To explore the potential involvement of hnRNP C1/C2 in DENV replication, we employed an in vitro study using the hepatocyte Huh7 cell line for DENV infection and specific siRNA-mediated gene knockdown. Effects of hnRNP C1/C2 knockdown on different events in DENV infection and replication have been investigated.
Discussion
hnRNP C1/C2 are RNA-binding host cellular proteins that play important roles in replication of certain positive-strand RNA viruses such as poliovirus and hepatitis C virus (HCV) [
30-
33]. Nevertheless, their functional contribution to DENV replication remains largely unexplored. The present study used an
in vitro model of Huh7 cells for DENV infection and specific siRNA-mediated gene knockdown to investigate the potential involvement of hnRNP C1/C2 in the process of DENV infection. We demonstrated an association between hnRNP C1/C2 and viral RNA in DENV-infected Huh7 cells. A significant knockdown of hnRNP C1/C2 proteins following specific siRNA transfection affected DENV infection by decreasing viral RNA replication, viral protein synthesis and subsequent production of infectious virus.
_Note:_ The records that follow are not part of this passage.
(* Let $\mathcal G=\mathcal G^{(n)}$ be, for each $n$, an $(\alpha,A,\beta,B,\epsilon,\vartheta)$-good $(\Delta_V,\Delta_C)$-regular bipartite graph with $n$ variable nodes and $n(1-R)$ check nodes, and let $H$ be the random parity-check matrix of the $(\mathcal G,\lambda)$ LDA ensemble. If $B>2+(1+\delta)/\lambda$ for some $\delta>0$, then \[ \Pr[H\text{ is not full-rank}]\le n^{-(2\lambda+\delta)}(1+o(1)), \] where $o(1)\to0$ as $n\to\infty$.
   Context: $0<R<1$, $\lambda>0$, $\Delta_V/\Delta_C=1-R$. For a vertex set $S$, $N(S)$ is its neighbourhood. $\mathcal G$ is $(\alpha,A,\beta,B,\epsilon,\vartheta)$-good (with $1\le\alpha<A$, $\frac1{1-R}<\beta<\min\{\frac2{1-R},B\}$, $0<\epsilon<(1-R)/A$, $0<\vartheta<1/(B(1-R))$) if: (L1) every set $S$ of variable nodes with $|S|\le\lceil\epsilon n\rceil$ has $|N(S)|\ge A|S|$; (L2) every set $S$ of variable nodes with $|S|\le\lceil n(1-R)/(2\alpha)\rceil$ has $|N(S)|\ge\alpha|S|$; (R1) every set $T$ of check nodes with $|T|\le\vartheta n(1-R)$ has $|N(T)|\ge B|T|$; (R2) every set $T$ of check nodes with $|T|\le n(1-R)/2$ has $|N(T)|\ge\beta|T|$. The ensemble: $p$ is the smallest prime $\ge n^\lambda$; $\widehat H$ is the $n(1-R)\times n$ $0/1$ biadjacency matrix of $\mathcal G$ (rows = check nodes); $H$ has entries $h_{i,j}=\widehat h_{i,j}h'_{i,j}$ with $h'_{i,j}$ i.i.d. uniform on $\mathbb F_p$. Full-rank means rank $n(1-R)$ over $\mathbb F_p$. *)

theory Defs
  imports "HOL-Analysis.Analysis" "HOL-Probability.Probability" "HOL-Computational_Algebra.Primes"
begin

(* A bipartite graph with n variable nodes {0..<n} and m check nodes {0..<m} is given
   by its 0/1 biadjacency relation E i j  (check node i, variable node j). *)

definition var_nbhd :: "(nat \<Rightarrow> nat \<Rightarrow> bool) \<Rightarrow> nat \<Rightarrow> nat set \<Rightarrow> nat set" where
  "var_nbhd E m S = {i. i < m \<and> (\<exists>j\<in>S. E i j)}"

definition chk_nbhd :: "(nat \<Rightarrow> nat \<Rightarrow> bool) \<Rightarrow> nat \<Rightarrow> nat set \<Rightarrow> nat set" where
  "chk_nbhd E n T = {j. j < n \<and> (\<exists>i\<in>T. E i j)}"

definition biregular :: "(nat \<Rightarrow> nat \<Rightarrow> bool) \<Rightarrow> nat \<Rightarrow> nat \<Rightarrow> nat \<Rightarrow> nat \<Rightarrow> bool" where
  "biregular E n m dV dC \<longleftrightarrow>
     (\<forall>i j. E i j \<longrightarrow> i < m \<and> j < n) \<and>
     (\<forall>j<n. card {i. i < m \<and> E i j} = dV) \<and>
     (\<forall>i<m. card {j. j < n \<and> E i j} = dC)"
hnRNP C1/C2 are abundant host cellular proteins found predominantly in the nucleus, but they can translocate to the cytoplasm under certain conditions [
20-
25]. Active export of hnRNP C1/C2 to the cytoplasm was triggered by tumor necrosis factor-α or phorbol 12-myristate 13-acetate (PMA)-mediated apoptosis through activation of Rho-associated kinase [
22]. The presence of hnRNP C1/C2 in the cytoplasm was also observed during mitosis upon nuclear membrane breakdown in late G2/M phase of the cell cycle [
25]. Additionally, cytoplasmic re-localization of hnRNP C1/C2 has been found in rhinovirus, poliovirus and vesicular stomatitis virus infections, through inhibition of nuclear import and changes in the composition of nuclear pore complexes [
21,
23] or enhanced nuclear export of the proteins [
24]. A previous study of DENV infection demonstrated the presence of hnRNP C1/C2 predominantly in the nuclear fraction, and to a lesser degree in the cytoplasmic fraction of virus-infected EA.hy926 cells, using a subcellular fractionation assay [
28]. This finding was consistent with the detection of hnRNP C1/C2 in the cytoplasm by immunofluorescence staining in DENV-infected HEK 293T cells [
26] and DENV-infected Huh7 cells (data not shown). However, no difference in the pattern of subcellular localization of hnRNP C1/C2 between mock-infected and DENV-infected cells was observed [
26].
Specific siRNA transfection resulted in a significant decrease in hnRNP C1/C2 at both mRNA and protein levels (Figure
2A and B). As demonstrated by immunofluorescence staining of DENV E antigen, the hnRNP C1/C2 knockdown reduced the percentage of cells expressing this viral protein (Figure
5). This effect was unlikely due to a direct hindrance at the initial step of DENV binding and entry into the cells, because hnRNP C1/C2 were undetectable on the cell surface (data not shown). Rather, it probably resulted from multiple downstream processes within the DENV replication cycle that led to a signification decrease in DENV production (Figure
8). Using real-time RT-PCR, delayed kinetics of viral RNA synthesis were observed in DENV-infected cells following hnRNP C1/C2 knockdown, particularly with a significant reduction of viral RNA accumulation at 36 h post-infection (Figure
4). This suggested a potential contribution of hnRNP C1/C2, in association with viral RNA, to facilitate the RNA replication process of DENV. Similar findings on the role of hnRNP C1/C2 in virus replication have been reported in other positive-strand RNA viruses such as poliovirus and HCV [
30-
33]. hnRNP C1/C2 have been shown to interact with 5′- and 3′-ends of poliovirus negative-strand RNA intermediate and with poliovirus protein precursors, which are essential for virus replication; that is, 3CD (a precursor of viral RNA-dependent RNA polymerase), P2 and P3 (precursors of nonstructural proteins), hence promoting viral replication complex assembly and viral RNA synthesis of poliovirus [
31-
33]. Moreover, hnRNP C1/C2, accompanied by polypyrimidine-tract binding protein (PTB or hnRNP I), bind to the pyrimidine-rich region within the 3′-untranslated region (UTR) of HCV RNA and initiate and/or regulate HCV replication [
30]. The detailed mechanism whereby hnRNP C1/C2 associate with viral RNA in DENV-infected cells is not known. It might be that this interaction functions, in concert with other viral and host proteins, to assist the structural formation of the viral replication complex required for DENV replication.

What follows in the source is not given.